Under this second heading, von Kries referred to a number of
experiments which demonstrated the complete absence of the
Purkinje shift in the rod-free foveal region. The evidence he
found supported the suggestion that the cone receptors were
the anatomical substrate of day vision, while the rods were the
anatomical substrate of twilight vision. An even stronger argument
in favour of this suggestion was the close relationship found
between the spectral sensitivity of twilight vision and the degree
of decomposition of rhodopsin with wavelength. Surprisingly, von
Kries did not refer to König ( 1894 ), but to Trendelenburg, who
much later obtained results similar to those of König (see von
Kries, 1929 , p. 691).
Lastly, the corresponding time between regeneration of
rhodopsin and the sensitivity increase during dark adaptation
measured extrafoveally (both processes take about 30 min to approach
the final level) were mentioned as important evidence supporting the
duplicity theory.
3. Isolation of twilight vision. Congenital, total colour-blindness.

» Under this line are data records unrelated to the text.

(* Let $G=(V,E)$ be a finite graph with adjacency matrix $A$, and suppose there exist $\boldsymbol\beta,\boldsymbol\gamma,\boldsymbol\lambda\in(0,\infty)^V$ such that every induced subgraph $H$ of $G$ has local $(\boldsymbol\beta|_{V(H)},\boldsymbol\gamma|_{V(H)},\boldsymbol\lambda|_{V(H)})$-occupancy. Let $B=\mathrm{diag}(\boldsymbol\beta)$ and $\Gamma=\mathrm{diag}(\boldsymbol\gamma)$. Then every vector $\mathbf q\in\mathbb R^V$ with $\mathbf q\ge\mathbf 0$ and $(B+\Gamma A)\mathbf q\le\mathbf 1$ lies in the independence polytope $\mathrm{ind}(G)$.
   Context: The independence polytope $\mathrm{ind}(G)\subset\mathbb R^V$ is the convex hull of the indicator vectors $\mathbf x^I\in\{0,1\}^V$ of independent sets $I$ of $G$ (including $\emptyset$). For a graph $H$ and $\boldsymbol\beta,\boldsymbol\gamma,\boldsymbol\lambda\in[0,\infty)^{V(H)}$, $H$ has local $(\boldsymbol\beta,\boldsymbol\gamma,\boldsymbol\lambda)$-occupancy if for every $u\in V(H)$, $\beta_u\Pr_{H,\boldsymbol\lambda}(u\in X)+\gamma_u\sum_{v\in N_H(u)}\Pr_{H,\boldsymbol\lambda}(v\in X)\ge1$, where $X$ is drawn from the hard-core model on $H$: $\Pr_{H,\boldsymbol\lambda}(I)\propto\prod_{v\in I}\lambda_v$ over independent sets $I$ of $H$. Vector inequalities are entrywise. *)

theory Defs
  imports "HOL-Analysis.Analysis"
begin

text \<open>A finite simple graph G has vertex set the finite type 'n (so R^V = real^'n)
  and a symmetric irreflexive adjacency relation E.\<close>

definition independent_set :: "('n \<Rightarrow> 'n \<Rightarrow> bool) \<Rightarrow> 'n set \<Rightarrow> bool" where
  "independent_set E I \<longleftrightarrow> (\<forall>u\<in>I. \<forall>v\<in>I. \<not> E u v)"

Nyctalopia. On comparative anatomy.
Here, under this third heading, von Kries presented experiments which
showed that the spectral luminosity function in twilight vision was
approximately the same and remained essentially invariant within
the scotopic intensity range when measured in trichromats, dichro-
mats and rod monochromats. In Fig. 3.1 the spectral sensitivity of
rods and cones obtained at 30° extrafoveally are shown. As can be
seen, the sensitivity difference between rods and cones is large in the
short-wave and small in the long-wave region.
Finally, Schultze's observation that the relative number of rods
to cones differed in the retina of diurnal and nocturnal animals, and
the investigation of 'l'héméralopie' by Parinaud ( 1881 ), were found to
support the duplicity theory.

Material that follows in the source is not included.